## SOURCE DATA
____________
lemma inj_on_bitrev: "inj_on (bitrev i) {..<2^i}"
proof (induction i)
  case (Suc i)
  show ?case
  proof (rule inj_onI)
    fix a b
    assume a: "a \<in> {..<2^Suc i}" and b: "b \<in> {..<2^Suc i}"
      and eq: "bitrev (Suc i) a = bitrev (Suc i) b"
    have "a div 2^i < 2" "b div 2^i < 2"
      using a b by (simp_all add: less_mult_imp_div_less)
    moreover have "a div 2^i mod 2 = b div 2^i mod 2"
      using arg_cong[OF eq, of "\<lambda>n. n mod 2"] by simp
    moreover from this have "bitrev i (a mod 2^i) = bitrev i (b mod 2^i)"
      using eq by simp
    ultimately have "a div 2^i = b div 2^i" "a mod 2^i = b mod 2^i"
      using Suc.IH by (simp_all add: inj_on_eq_iff)
    then show "a = b"
      by (metis div_mult_mod_eq)
  qed
qed (simp add: inj_on_def)

lemma bitrev_eq_iff: "bitrev i a = bitrev i b \<longleftrightarrow> a mod 2^i = b mod 2^i"
  using inj_on_bitrev[of i]
  by (metis bitrev_mod inj_on_eq_iff lessThan_iff mod_less_divisor zero_less_power zero_less_numeral)

lemma bitrev_less_bitrev:
  assumes "m < i" and "a mod 2^m = b mod 2^m" and "\<not> bit a m" and "bit b m"
  shows "bitrev i a < bitrev i b"
proof -
  have "bitrev i a div 2^(i - Suc m) = 2 * bitrev m (a mod 2^m)"
    using bitrev_div_pow[of "Suc m" i a] assms(1,3) by (simp add: bit_iff_odd even_iff_mod_2_eq_zero)
  moreover have "bitrev i b div 2^(i - Suc m) = 2 * bitrev m (a mod 2^m) + 1"
    using bitrev_div_pow[of "Suc m" i b] assms by (simp add: bit_iff_odd odd_iff_mod_2_eq_one)
  ultimately show ?thesis
    by (metis div_le_mono less_add_one not_less)
qed

lemma bitrev_between:
  assumes "j \<le> i" and "a mod 2^j = b mod 2^j"
    and "bitrev i a \<le> bitrev i c" and "bitrev i c \<le> bitrev i b"
  shows "c mod 2^j = a mod 2^j"
proof -
  have "bitrev i a div 2^(i - j) = bitrev i b div 2^(i - j)"
    using assms(1,2) by (simp add: bitrev_div_pow bitrev_eq_iff)
  then have "bitrev i c div 2^(i - j) = bitrev i a div 2^(i - j)"
    using assms(3,4) by (metis div_le_mono le_antisym)
  then show ?thesis
    using assms(1) by (simp add: bitrev_div_pow bitrev_eq_iff)
qed

lemma bitrev_Suc_high: "k < 2^i \<Longrightarrow> bitrev (Suc i) (2^i + k) = 2 * bitrev i k + 1"
  by simp

lemma bit_imp_pow_le: "bit (x::nat) j \<Longrightarrow> 2^j \<le> x"
  by (metis bit_iff_odd div_less even_zero not_le)

lemma bit_add_pow_mod_iff:
  "j < i \<Longrightarrow> bit (((x::nat) + 2^j) mod 2^i) j \<longleftrightarrow> \<not> bit x j"
proof -
  assume "j < i"
  then have "bit ((x + 2^j) mod 2^i) j = bit (x + 2^j) j"
    by (simp add: bit_take_bit_iff flip: take_bit_eq_mod)
  moreover have "(x + 2^j) div 2^j = x div 2^j + 1"
    by simp
  ultimately show ?thesis
    by (simp add: bit_iff_odd)
qed

section \<open>The shifted bit reversal sequence\<close>

lemma concat_map_if_singleton: "concat (map (\<lambda>x. if P x then [f x] else []) xs) = map f (filter P xs)"
  by (induction xs) auto

lemma odd_rows_eq: "length R = 2 * m \<Longrightarrow> odd_rows R = map (\<lambda>k. R ! (2 * k)) [0..<m]"
proof -
  have "filter even [0..<2 * m] = map (\<lambda>k. 2 * k) [0..<m]"
    by (induction m) (auto simp: mult_2)
  then show "length R = 2 * m \<Longrightarrow> ?thesis"
    unfolding odd_rows_def by (simp add: concat_map_if_singleton)
qed

lemma even_rows_eq: "length R = 2 * m \<Longrightarrow> even_rows R = map (\<lambda>k. R ! (2 * k + 1)) [0..<m]"
proof -
  have "filter odd [0..<2 * m] = map (\<lambda>k. 2 * k + 1) [0..<m]"
    by (induction m) (auto simp: mult_2)
  then show "length R = 2 * m \<Longrightarrow> ?thesis"
    unfolding even_rows_def by (simp add: concat_map_if_singleton)
qed

lemma brs_eq_image:
  "length R = 2^i \<Longrightarrow> length C = 2^i \<Longrightarrow> brs i R C = (\<lambda>k. (C ! k, R ! bitrev i k)) ` {..<2^i}"
proof (induction i arbitrary: R C)
  case 0
  then show ?case by (cases R; cases C) auto
next
  case (Suc i)
  let ?m = "2^i :: nat"
  let ?f = "\<lambda>k. (C ! k, R ! bitrev (Suc i) k)"
  have R: "length R = 2 * ?m" using Suc.prems by simp
  have "brs i (odd_rows R) (take ?m C) = ?f ` {..<?m}"
    using Suc.IH[of "odd_rows R" "take ?m C"] Suc.prems odd_rows_eq[OF R]
    by (auto simp: bitrev_less intro!: image_cong)
  moreover have "brs i (even_rows R) (drop ?m C) = ?f ` ((+) ?m ` {..<?m})"
    using Suc.IH[of "even_rows R" "drop ?m C"] Suc.prems even_rows_eq[OF R]
    by (auto simp: bitrev_less bitrev_Suc_high image_image simp del: bitrev.simps intro!: image_cong)
  moreover have "{..<?m} \<union> (+) ?m ` {..<?m} = {..<2^Suc i}"
    by (auto simp: lessThan_atLeast0 mult_2)
  ultimately show ?case
    by (simp only: brs.simps image_Un[symmetric])
qed

lemma BRS_eq: "BRS i = (\<lambda>k. (k + 1, bitrev i k + 1)) ` {..<2^i}"
  unfolding BRS_def
  by (subst brs_eq_image) (auto simp del: upt_Suc simp: bitrev_less intro!: image_cong)

definition brs_point :: "nat \<Rightarrow> nat \<Rightarrow> nat \<Rightarrow> nat \<times> nat" where
  "brs_point i s k = ((k + s) mod 2^i + 1, bitrev i k + 1)"

lemma shifted_BRS_eq: "cyc_shift (2^i) s ` BRS i = brs_point i s ` {..<2^i}"
  unfolding BRS_eq image_image cyc_shift_def brs_point_def by simp

lemma add_mod_inj:
  fixes a b n t :: nat
  assumes "a < n" and "b < n" and "(a + t) mod n = (b + t) mod n"
  shows "a = b"
  using assms
proof (induction a b rule: linorder_wlog)
  case (le a b)
  then have "n dvd b - a"
    using mod_eq_dvd_iff_nat[of "a + t" "b + t" n] by simp
  then show ?case
    using le by (metis dvd_imp_le le_antisym less_imp_diff_less not_less zero_less_diff)
qed (simp add: eq_commute)

lemma mod_eq_less_imp_add_le: "a < b \<Longrightarrow> a mod d = b mod d \<Longrightarrow> a + d \<le> (b::nat)"
  using mod_eq_dvd_iff_nat[of a b d] by (auto dest: dvd_imp_le)

lemma inj_on_brs_point: "inj_on (brs_point i s) {..<2^i}"
  by (intro inj_onI) (auto simp: brs_point_def bitrev_eq_iff)

lemma inj_on_fst_brs_points: "inj_on fst (brs_point i s ` {..<2^i})"
  by (intro inj_onI) (auto simp: brs_point_def dest: add_mod_inj)

lemma inj_on_snd_brs_points: "inj_on snd (brs_point i s ` {..<2^i})"
  by (intro inj_onI) (auto simp: brs_point_def bitrev_eq_iff)

lemma brs_point_in_funnel:
  assumes x: "x < 2^i" and q: "q < 2^i" and "j \<le> i"
    and qx: "q mod 2^j = x mod 2^j" and below: "bitrev i q < bitrev i x"
    and gap: "(q + s) mod 2^i + 2^j = (x + s) mod 2^i \<or> (x + s) mod 2^i + 2^j = (q + s) mod 2^i"
  shows "brs_point i s q \<in> funnel (brs_point i s ` {..<2^i}) (brs_point i s x)"
  unfolding funnel_def
proof (intro CollectI conjI ballI notI)
  show "brs_point i s q \<in> brs_point i s ` {..<2^i}"
    using q by simp
  show "snd (brs_point i s q) < snd (brs_point i s x)"
    using below by (simp add: brs_point_def)
  let ?col = "\<lambda>k. (k + s) mod 2^i"
  fix z
  assume "z \<in> brs_point i s ` {..<2^i} - {brs_point i s x, brs_point i s q}"
    and box: "in_box (brs_point i s x) (brs_point i s q) z"
  then obtain w where w: "w < 2^i" "z = brs_point i s w" "w \<noteq> x" "w \<noteq> q"
    by blast
  have rows: "bitrev i q \<le> bitrev i w" "bitrev i w \<le> bitrev i x"
    and cols: "min (?col x) (?col q) \<le> ?col w" "?col w \<le> max (?col x) (?col q)"
    using box below by (auto simp: in_box_def brs_point_def w(2))
  have "?col w \<noteq> ?col x" "?col w \<noteq> ?col q"
    using add_mod_inj w(1,3,4) x q by blast+
  then have strict: "min (?col x) (?col q) < ?col w" "?col w < max (?col x) (?col q)"
    using cols by linarith+
  have "w mod 2^j = x mod 2^j"
    using bitrev_between[OF \<open>j \<le> i\<close> qx rows] qx by simp
  then have "(w + s) mod 2^j = (x + s) mod 2^j"
    by (rule mod_add_cong) (rule refl)
  then have "?col w mod 2^j = ?col x mod 2^j"
    using \<open>j \<le> i\<close> by (simp add: mod_mod_cancel le_imp_power_dvd)
  with gap strict show False
    using mod_eq_less_imp_add_le[of "?col w" "?col x" "2^j"]
      mod_eq_less_imp_add_le[of "?col x" "?col w" "2^j"] by linarith
qed

section \<open>Alternations as side changes along the funnel\<close>

lemma ex_change_between:
  "m < n \<Longrightarrow> f m \<noteq> f n \<Longrightarrow> \<exists>k. m \<le> k \<and> k < n \<and> f k \<noteq> f (Suc k)"
proof (induction n)
  case (Suc n)
  show ?case
  proof (cases "m < n \<and> f m \<noteq> f n")
    case True
    then show ?thesis
      using Suc.IH less_SucI by blast
  next
    case False
    then have "m \<le> n" "f n \<noteq> f (Suc n)"
      using Suc.prems by (auto simp: less_Suc_eq)
    then show ?thesis
      by blast
  qed
qed simp

lemma card_le_side_changes_nth:
  fixes J :: "'c::linorder set"
  assumes intervals: "\<And>j. j \<in> J \<Longrightarrow> lo j < hi j \<and> hi j < length L \<and> P (L ! lo j) \<noteq> P (L ! hi j)"
    and separated: "\<And>j k. j \<in> J \<Longrightarrow> k \<in> J \<Longrightarrow> j < k \<Longrightarrow> hi j \<le> lo k"
  shows "card J \<le> card {k. Suc k < length L \<and> P (L ! k) \<noteq> P (L ! Suc k)}"
proof -
  define change where "change j = (SOME k. lo j \<le> k \<and> k < hi j \<and> P (L ! k) \<noteq> P (L ! Suc k))" for j
  have change: "lo j \<le> change j \<and> change j < hi j \<and> P (L ! change j) \<noteq> P (L ! Suc (change j))"
    if "j \<in> J" for j
  proof -
    have "\<exists>k. lo j \<le> k \<and> k < hi j \<and> P (L ! k) \<noteq> P (L ! Suc k)"
      using ex_change_between[of "lo j" "hi j" "\<lambda>k. P (L ! k)"] intervals[OF that] by blast
    then show ?thesis
      unfolding change_def by (rule someI_ex)
  qed
  have "change j < change k" if "j \<in> J" "k \<in> J" "j < k" for j k
    using change[OF that(1)] change[OF that(2)] separated[OF that] by linarith
  then have "inj_on change J"
    by (intro strict_mono_on_imp_inj_on strict_mono_onI)
  moreover have "change ` J \<subseteq> {k. Suc k < length L \<and> P (L ! k) \<noteq> P (L ! Suc k)}"
  proof (intro image_subsetI CollectI conjI)
    fix j
    assume "j \<in> J"
    from change[OF this] intervals[OF this]
    show "Suc (change j) < length L" "P (L ! change j) \<noteq> P (L ! Suc (change j))"
      by auto
  qed
  moreover have "finite {k. Suc k < length L \<and> P (L ! k) \<noteq> P (L ! Suc k)}"
    by (rule finite_subset[of _ "{..<length L}"]) auto
  ultimately show ?thesis
    by (rule card_inj_on_le)
qed

lemma sorted_wrt_key_less_imp_less:
  fixes key :: "'a \<Rightarrow> 'b::linorder"
  assumes "sorted_wrt (<) (map key L)" and "m < length L" and "n < length L"
    and "key (L ! m) < key (L ! n)"
  shows "m < n"
proof (rule ccontr)
  assume "\<not> m < n"
  then have "n < m \<or> n = m"
    by linarith
  then show False
    using sorted_wrt_nth_less[OF assms(1), of n m] assms(2-4) by (auto dest: order.asym)
qed

lemma card_le_side_changes:
  fixes key :: "'a \<Rightarrow> 'b::linorder" and J :: "'c::linorder set"
  assumes sorted: "sorted_wrt (<) (map key L)"
    and pairs: "\<And>j. j \<in> J \<Longrightarrow> a j \<in> set L \<and> b j \<in> set L \<and> P (a j) \<noteq> P (b j)"
    and ordered: "\<And>j k. j \<in> J \<Longrightarrow> k \<in> J \<Longrightarrow> j < k \<Longrightarrow>
      max (key (a j)) (key (b j)) < min (key (a k)) (key (b k))"
  shows "card J \<le> card {k. Suc k < length L \<and> P (L ! k) \<noteq> P (L ! Suc k)}"
proof -
  define pos where "pos q = (SOME n. n < length L \<and> L ! n = q)" for q
  have pos: "pos q < length L \<and> L ! pos q = q" if "q \<in> set L" for q
    using that unfolding pos_def in_set_conv_nth by (rule someI_ex)
  have pos_less: "pos q < pos r" if "q \<in> set L" "r \<in> set L" "key q < key r" for q r
    using sorted_wrt_key_less_imp_less[OF sorted, of "pos q" "pos r"] pos[OF that(1)] pos[OF that(2)] that(3)
    by simp
  show ?thesis
  proof (rule card_le_side_changes_nth[where lo = "\<lambda>j. min (pos (a j)) (pos (b j))"
        and hi = "\<lambda>j. max (pos (a j)) (pos (b j))"])
    fix j
    assume "j \<in> J"
    then have a: "pos (a j) < length L" "L ! pos (a j) = a j"
      and b: "pos (b j) < length L" "L ! pos (b j) = b j" and "P (a j) \<noteq> P (b j)"
      using pos pairs by blast+
    then have "pos (a j) \<noteq> pos (b j)"
      by metis
    with a b \<open>P (a j) \<noteq> P (b j)\<close>
    show "min (pos (a j)) (pos (b j)) < max (pos (a j)) (pos (b j)) \<and> max (pos (a j)) (pos (b j)) < length L
        \<and> P (L ! min (pos (a j)) (pos (b j))) \<noteq> P (L ! max (pos (a j)) (pos (b j)))"
      by (auto simp: min_def max_def)
  next
    fix j k
    assume "j \<in> J" "k \<in> J" "j < k"
    then have "key (a j) < key (a k)" "key (a j) < key (b k)" "key (b j) < key (a k)" "key (b j) < key (b k)"
      using ordered by simp_all
    then show "max (pos (a j)) (pos (b j)) \<le> min (pos (a k)) (pos (b k))"
      using pairs[OF \<open>j \<in> J\<close>] pairs[OF \<open>k \<in> J\<close>] by (simp add: pos_less less_imp_le)
  qed
qed

text \<open>Interpreting \<open>folding_insort_key\<close> at the class order yields facts about
  \<open>linorder.sorted_key_list_of_set (\<le>)\<close>, which is not syntactically the constant used in \<open>alt\<close>.\<close>

lemma linorder_insort_key_eq:
  "linorder.insort_key (\<le>) f x xs = insort_key (f :: 'b \<Rightarrow> 'a::linorder) x xs"
  by (induction xs) (simp_all add: linorder.insort_key.simps[OF linorder_class.linorder_axioms])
____________
## ASSIGNMENT
Please report how many lines in the records contain the string "with", and write nothing besides that number.

## YOUR SOLUTION
2